The past decisions of that monarchy – and/or its governments — are completely central to our national story, and detrimentally central to the lives of our Indigenous people.
Yet we seem unable to contemplate what a strange vacuum there seems to be in all the national mourning for a foreign monarch who was our head of state, and what that monarchy actually means to any of us in 2022 or in the future.
Monarchy certainly doesn't mean as much in Australia as it once did. But neither does "the" church or the idea of military service.
Hence at the national memorial service in Canberra on Thursday, politicians and national leaders had to take part in a made-up ceremony involving sticking wattle in a wreath for the Queen.
By comparison, think of all the symbolism of the Queen's funeral march. On one level, everyone can marvel at how well the Brits do ceremony and admire the colour and splendid uniforms
But consider the staggering extent to which the Queen's coffin was surrounded by the military, and symbols of past empire, in its final journey.
The military myth
Military history is also central to Australia's myths. Yet in the same week we have been watching the passing funeral parade, there have been more reports from my colleague Mark Willacy about alleged war crimes by Australian troops in Afghanistan.

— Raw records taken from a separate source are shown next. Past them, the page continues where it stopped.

text \<open>
  Inside a pair (W, W') of parts of P, the blocks U \<times> U' of Q carry weights |U| |U'| and
  densities whose weighted mean is d(W, W'). The function H(t) = t ln t satisfies the quantitative
  convexity bound H(a) - H(b) - H'(b)(a - b) \<ge> 3(a - b)^2 / (2a + 4b); completing the square turns
  it into a bound linear in |a - b|, and averaging gives for every pair a gain of at least
  2x (deviation of the pair) - 2x^2 e(W, W'). Summing over all pairs,
  n^2 (H(Q) - H(P)) \<ge> 4x D(Q, P) - 2x^2 e(V, V) \<ge> 4x^2 p n^2 - 2x^2 p n^2, as e(V, V) \<le> 2|E| = p n^2.
\<close>



lemma ln_ge_rational_bound:
  fixes t :: real
  assumes "t > 0"
  shows "(t - 1) * (5 * t + 1) / (2 * t * (t + 2)) \<le> ln t"
proof -
  define D where "D s = ln s - (s - 1) * (5 * s + 1) / (2 * s * (s + 2))" for s :: real
  have D': "(D has_real_derivative (s - 1)^3 / (s^2 * (s + 2)^2)) (at s)" if "s > 0" for s
  proof -
    have "(D has_real_derivative 1 / s - ((1 * (5 * s + 1) + (s - 1) * 5) * (2 * s * (s + 2))
            - (s - 1) * (5 * s + 1) * (2 * (s + 2) + 2 * s * 1)) / (2 * s * (s + 2))^2) (at s)"
      unfolding D_def using that by (auto intro!: derivative_eq_intros simp: power2_eq_square)
    moreover have "1 / s - ((1 * (5 * s + 1) + (s - 1) * 5) * (2 * s * (s + 2))
            - (s - 1) * (5 * s + 1) * (2 * (s + 2) + 2 * s * 1)) / (2 * s * (s + 2))^2
          = (s - 1)^3 / (s^2 * (s + 2)^2)"
      using that by (simp add: divide_simps) (simp add: algebra_simps power2_eq_square power3_eq_cube)
    ultimately show ?thesis by simp
  qed
  have cont: "continuous_on {a..b} D" if "a > 0" for a b
    using that by (intro continuous_at_imp_continuous_on ballI DERIV_isCont[OF D']) auto
  have "D 1 \<le> D t"
  proof (cases "1 \<le> t")
    case True
    show ?thesis
    proof (rule DERIV_nonneg_imp_increasing_open[OF True])
      show "\<exists>y. (D has_real_derivative y) (at s) \<and> 0 \<le> y" if "1 < s" "s < t" for s
        using D' that by force
    qed (use cont in simp)
  next
    case False
    show ?thesis
    proof (rule DERIV_nonpos_imp_decreasing_open[of t 1])
      show "\<exists>y. (D has_real_derivative y) (at s) \<and> y \<le> 0" if "t < s" "s < 1" for s
      proof -
        have "(s - 1)^3 \<le> 0" using that by (simp add: power_le_zero_eq)
        moreover have "(D has_real_derivative (s - 1)^3 / (s^2 * (s + 2)^2)) (at s)"
          using D' that assms by simp
        ultimately show ?thesis by (blast intro: divide_nonpos_nonneg zero_le_power2 mult_nonneg_nonneg)
      qed
    qed (use False cont assms in auto)
  qed
  then show ?thesis by (simp add: D_def)
qed
(* Let $b_1>0$, $b_1^*\ge0$, $b_2^*\ge0$, $\sigma>0$, and $\sigma_2^2=\sigma^2+(b_2^* )^2$. With $\alpha\sim N(0,1)$ and $y\sim N(0,\sigma_2^2)$ independent and $u=\frac{\alpha b_1}{\sigma^2}(y+\alpha b_1^* )$, define $S=\mathbb{E}[\tanh(u)+u\tanh'(u)]$. Then $$1-\Bigg(\sqrt{1+\frac{\min\big(\frac{\sigma_2^2}{\sigma^2}b_1,\,b_1^*\big)\,b_1^*}{\sigma_2^2}}\Bigg)^{-1}\le S\le1.$$ *)

theory Defs
  imports "HOL-Probability.Probability"
begin

end

theory Submission
  imports Defs "HOL-Real_Asymp.Real_Asymp"
begin

text \<open>
Write f(u) = tanh u + u sech^2 u, the derivative of u tanh u, and u = \<alpha> c (y + \<alpha> b) with
c = b1 / \<sigma>^2 and b = b1s.

Upper bound: for fixed y, u = p \<alpha> + k \<alpha>^2 with k = c b \<ge> 0. The derivative of H(\<alpha>) = \<alpha> tanh u
is f(u) + k \<alpha>^2 sech^2 u \<ge> f(u), and Stein's identity E[H'(\<alpha>)] = E[\<alpha> H(\<alpha>)] for a standard
normal \<alpha> gives E[f(u)] \<le> E[\<alpha>^2 tanh u] \<le> E[\<alpha>^2] = 1.

Lower bound: for fixed \<alpha> \<noteq> 0, u is normal with mean m = \<alpha>^2 c b \<ge> 0 and standard deviation
s = |\<alpha> c| \<sigma>2. Tilting by e^(k u) with k = m / s^2 and symmetrising u \<mapsto> -u (f is odd) turns
E[1 - f(u)] into e^(-k^2 s^2 / 2) times the N(0, s^2)-mean of cosh (k u) - f(u) sinh (k u), and this is
at most cosh ((k - 1) u) / cosh u. For k \<le> 1 that is at most 1; for k > 1 it is at most
cosh ((k - 1) u), whose mean is e^((k - 1)^2 s^2 / 2). Either way
E[1 - f(u)] \<le> exp (- min (m^2 / s^2) m / 2) = exp (- K \<alpha>^2 / 2) with K = min (\<sigma>2^2 c) b * b / \<sigma>2^2,
and finally E[exp (- K \<alpha>^2 / 2)] = 1 / sqrt (1 + K).
\<close>

definition tanh_plus_u_sech2 :: "real \<Rightarrow> real" where
  "tanh_plus_u_sech2 u = tanh u + u * (1 - (tanh u)\<^sup>2)"
(* Let $l,r$ be positive integers. For every $n\ge r$, the sequence $k\mapsto\mathcal{A}_r^{(l)}(n,k)$ is log-concave (and hence unimodal).
   Context: A subexceedant function on $[n]$ is a map $f:[n]\to[n]$ with $1\le f(i)\le i$ for all $i$. Its block leader set is $\mathrm{bl}(f)=\{i\in[n]: f(i)\notin f(\{1,\dots,i-1\})\}$. For positive integers $l,r$, $\mathcal{A}_r^{(l)}(n,k)$ is the number of $l$-tuples $(f_1,\dots,f_l)$ of subexceedant functions on $[n]$ such that $\{1,\dots,r\}\subseteq\mathrm{bl}(f_1)$, $|\mathrm{bl}(f_1)|=k+1$, and $\mathrm{bl}(f_1)=\cdots=\mathrm{bl}(f_l)$. A sequence $(a_k)$ is log-concave if $a_k^2\ge a_{k-1}a_{k+1}$ for all $k$. *)

theory Defs
  imports Main
begin

text \<open>Subexceedant functions on [n] = {1..n}, represented as functions nat => nat
  that are 0 outside {1..n} (so the set is finite).\<close>
definition subexc :: "nat \<Rightarrow> (nat \<Rightarrow> nat) set" where
  "subexc n = {f. (\<forall>i\<in>{1..n}. 1 \<le> f i \<and> f i \<le> i) \<and> (\<forall>i. i \<notin> {1..n} \<longrightarrow> f i = 0)}"

definition bl :: "nat \<Rightarrow> (nat \<Rightarrow> nat) \<Rightarrow> nat set" where
  "bl n f = {i\<in>{1..n}. f i \<notin> f ` {1..<i}}"

definition A :: "nat \<Rightarrow> nat \<Rightarrow> nat \<Rightarrow> nat \<Rightarrow> nat" where
  "A r l n k = card {fs. length fs = l \<and> (\<forall>f\<in>set fs. f \<in> subexc n)
      \<and> {1..r} \<subseteq> bl n (hd fs) \<and> card (bl n (hd fs)) = k + 1
      \<and> (\<forall>f\<in>set fs. bl n f = bl n (hd fs))}"

end

theory Submission
  imports Defs Complex_Main
begin

(* Record the block leader set S of a subexceedant function on [n] by the word whose i-th letter
  says whether i is a leader.  If a of the positions 1, ..., i - 1 are leaders, then a leader at i
  has i - a possible values and a non-leader a values, so the number of functions with leader set S
  is a product of such factors, and A(n, k) is a sum of l-th powers of these products over the
  words of length n - r with k + 1 - r ones that follow the forced prefix of r ones.

  Log-concavity comes from an injection from pairs of words with j + 2 and j ones into pairs of
  words with j + 1 ones each: exchange the tails after the last position where the first word leads
  the second by exactly one.  The product of the weights does not decrease, because the factor by
  which the weight of a tail changes when its starting state (a, b) is replaced by (a - 1, b + 1)
  only grows when ones are moved to earlier positions; this is shown with a potential function. *)

section \<open>Block leader sets and fibres\<close>

lemma bl_subset: "bl n f \<subseteq> {1..n}"
  by (auto simp: bl_def)

lemma bl_cong: "(\<And>i. i \<in> {1..n} \<Longrightarrow> f i = g i) \<Longrightarrow> bl n f = bl n g"
proof -
  assume eq: "\<And>i. i \<in> {1..n} \<Longrightarrow> f i = g i"
  have "f ` {1..<i} = g ` {1..<i}" if "i \<le> n" for i
    using eq that by (intro image_cong) auto
  then show ?thesis
    using eq by (auto simp: bl_def)
qed

lemma bl_Suc: "bl (Suc n) f = bl n f \<union> (if f (Suc n) \<in> f ` {1..n} then {} else {Suc n})"
proof -
  have "{1..<Suc n} = {1..n}"
    by auto
  then show ?thesis
    by (auto simp: bl_def le_Suc_eq)
qed

lemma card_image_eq_card_bl: "card (f ` {1..n}) = card (bl n f)"
proof (induction n)
  case 0
  then show ?case by (simp add: bl_def)
next
  case (Suc n)
  have "f ` {1..Suc n} = insert (f (Suc n)) (f ` {1..n})"
    by (simp add: atLeastAtMostSuc_conv)
  moreover have "Suc n \<notin> bl n f" "finite (bl n f)"
    using bl_subset[of n f] finite_subset by fastforce+
  ultimately show ?case
    using Suc.IH by (auto simp: bl_Suc insert_absorb)
qed

lemma finite_subexc: "finite (subexc n)"
proof (rule finite_subset)
  show "subexc n \<subseteq> {f. \<forall>i. (i \<in> {1..n} \<longrightarrow> f i \<in> {0..n}) \<and> (i \<notin> {1..n} \<longrightarrow> f i = 0)}"
    by (auto simp: subexc_def intro: order.trans)
  show "finite {f. \<forall>i. (i \<in> {1..n} \<longrightarrow> f i \<in> {0..n}) \<and> (i \<notin> {1..n} \<longrightarrow> f i = (0::nat))}"
    by (rule finite_set_of_finite_funs) auto
qed

lemma card_subexc_Suc:
  "card {g \<in> subexc (Suc n). P g} = (\<Sum>f\<in>subexc n. card {v \<in> {1..Suc n}. P (f(Suc n := v))})"
proof -
  have "bij_betw (\<lambda>(f, v). f(Suc n := v))
      (SIGMA f:subexc n. {v \<in> {1..Suc n}. P (f(Suc n := v))}) {g \<in> subexc (Suc n). P g}"
  proof (rule bij_betw_byWitness[where f' = "\<lambda>g. (g(Suc n := 0), g (Suc n))"])
    show "\<forall>x\<in>SIGMA f:subexc n. {v \<in> {1..Suc n}. P (f(Suc n := v))}.
        (\<lambda>g. (g(Suc n := 0), g (Suc n))) ((\<lambda>(f, v). f(Suc n := v)) x) = x"
      by (auto simp: subexc_def fun_eq_iff)
    show "\<forall>g\<in>{g \<in> subexc (Suc n). P g}. (\<lambda>(f, v). f(Suc n := v)) (g(Suc n := 0), g (Suc n)) = g"
      by simp
    show "(\<lambda>(f, v). f(Suc n := v)) ` (SIGMA f:subexc n. {v \<in> {1..Suc n}. P (f(Suc n := v))})
        \<subseteq> {g \<in> subexc (Suc n). P g}"
      by (auto simp: subexc_def le_Suc_eq)
    show "(\<lambda>g. (g(Suc n := 0), g (Suc n))) ` {g \<in> subexc (Suc n). P g}
        \<subseteq> (SIGMA f:subexc n. {v \<in> {1..Suc n}. P (f(Suc n := v))})"
      by (auto simp: subexc_def)
  qed
  then have "card {g \<in> subexc (Suc n). P g}
      = card (SIGMA f:subexc n. {v \<in> {1..Suc n}. P (f(Suc n := v))})"
    by (simp add: bij_betw_same_card)
  also have "\<dots> = (\<Sum>f\<in>subexc n. card {v \<in> {1..Suc n}. P (f(Suc n := v))})"
    using finite_subexc by (intro card_SigmaI) auto
  finally show ?thesis .
qed

lemma card_extension_values:
  assumes "f \<in> subexc n"
  shows "card {v \<in> {1..Suc n}. (v \<notin> f ` {1..n}) = s}
    = (if s then Suc n - card (bl n f) else card (bl n f))"
proof -
  have sub: "f ` {1..n} \<subseteq> {1..Suc n}"
    using assms by (auto simp: subexc_def)
  show ?thesis
  proof (cases s)
    case True
    then have "{v \<in> {1..Suc n}. (v \<notin> f ` {1..n}) = s} = {1..Suc n} - f ` {1..n}"
      by auto
    then show ?thesis
      using True sub card_image_eq_card_bl[of f n] by (simp add: card_Diff_subset)
  next
    case False
    then have "{v \<in> {1..Suc n}. (v \<notin> f ` {1..n}) = s} = f ` {1..n}"
      using sub by auto
    then show ?thesis
      using False card_image_eq_card_bl[of f n] by simp
  qed
qed

definition fibre :: "nat \<Rightarrow> nat set \<Rightarrow> (nat \<Rightarrow> nat) set" where
  "fibre n S = {f \<in> subexc n. bl n f = S}"

lemma finite_fibre: "finite (fibre n S)"
  using finite_subexc by (simp add: fibre_def)

lemma bl_update_Suc:
  "bl (Suc n) (f(Suc n := v)) = bl n f \<union> (if v \<in> f ` {1..n} then {} else {Suc n})"
proof -
  have "(f(Suc n := v)) ` {1..n} = f ` {1..n}"
    by (intro image_cong) auto
  then show ?thesis
    using bl_Suc[of n "f(Suc n := v)"] bl_cong[of n "f(Suc n := v)" f] by simp
qed

lemma card_fibre_Suc:
  assumes S: "S \<subseteq> {1..n}"
  shows "card (fibre (Suc n) (S \<union> (if s then {Suc n} else {})))
    = (if s then Suc n - card S else card S) * card (fibre n S)"
proof -
  define c where "c = (if s then Suc n - card S else card S)"
  have extend: "{v \<in> {1..Suc n}. bl (Suc n) (f(Suc n := v)) = S \<union> (if s then {Suc n} else {})}
      = (if bl n f = S then {v \<in> {1..Suc n}. (v \<notin> f ` {1..n}) = s} else {})" for f
  proof -
    have "Suc n \<notin> bl n f" "Suc n \<notin> S"
      using bl_subset[of n f] S by auto
    then have "bl n f \<union> (if v \<in> f ` {1..n} then {} else {Suc n}) = S \<union> (if s then {Suc n} else {})
        \<longleftrightarrow> bl n f = S \<and> (v \<notin> f ` {1..n}) = s" for v
      by (auto simp: insert_ident split: if_splits)
    then show ?thesis
      by (auto simp: bl_update_Suc)
  qed
  have "card (fibre (Suc n) (S \<union> (if s then {Suc n} else {})))
      = (\<Sum>f\<in>subexc n.
          card {v \<in> {1..Suc n}. bl (Suc n) (f(Suc n := v)) = S \<union> (if s then {Suc n} else {})})"
    unfolding fibre_def by (rule card_subexc_Suc)
  also have "\<dots> = (\<Sum>f\<in>subexc n. if bl n f = S then c else 0)"
  proof (rule sum.cong[OF refl])
    fix f
    assume "f \<in> subexc n"
    then show "card {v \<in> {1..Suc n}. bl (Suc n) (f(Suc n := v)) = S \<union> (if s then {Suc n} else {})}
        = (if bl n f = S then c else 0)"
      unfolding extend using card_extension_values[of f n s] by (simp add: c_def)
  qed
  also have "\<dots> = c * card (fibre n S)"
    by (simp add: sum.inter_filter[symmetric] finite_subexc fibre_def)
  finally show ?thesis
    by (simp add: c_def)
qed

section \<open>Leader words\<close>

abbreviation trues :: "bool list \<Rightarrow> nat" where
  "trues \<sigma> \<equiv> count_list \<sigma> True"

abbreviation falses :: "bool list \<Rightarrow> nat" where
  "falses \<sigma> \<equiv> count_list \<sigma> False"

lemma trues_plus_falses: "trues \<sigma> + falses \<sigma> = length \<sigma>"
  by (induction \<sigma>) auto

The tarnish that these reports of the actions of the few put on the reputations of the thousands of troops who served there is not just distressing for the troops, but only raises further questions about the priorities involved in spending $500 million on rebuilding the Australian War Memorial to document these conflicts.
In 2020, the incoming director of the Memorial, Matt Anderson defended the spend saying:
"We've created 100,000 veterans over the last 25 years, and yet we devote about 4 per cent of gallery space to them".
Well yes, but as the Royal Commission into Defence and Veteran Suicide continues to document, more of them have died at home by suicide than died on active duty with not enough support in place.
What is also not present at the Memorial is any reference to the tens of thousands of people who died in the Frontier Wars in Australia, that occurred under the fiction of Terra Nullius declared in the name of the British Monarchy.
Elizabeth II with her much respected stability and decency may have gone. The pageantry may have passed. But even amid these dark times, regime change should be an opportunity to confront our history more honestly.
We are yet to see how Anthony Albanese delivers on a pledge to truth telling, as well as to a Voice to Parliament for Indigenous Australians
Laura Tingle is 7.30's chief political correspondent.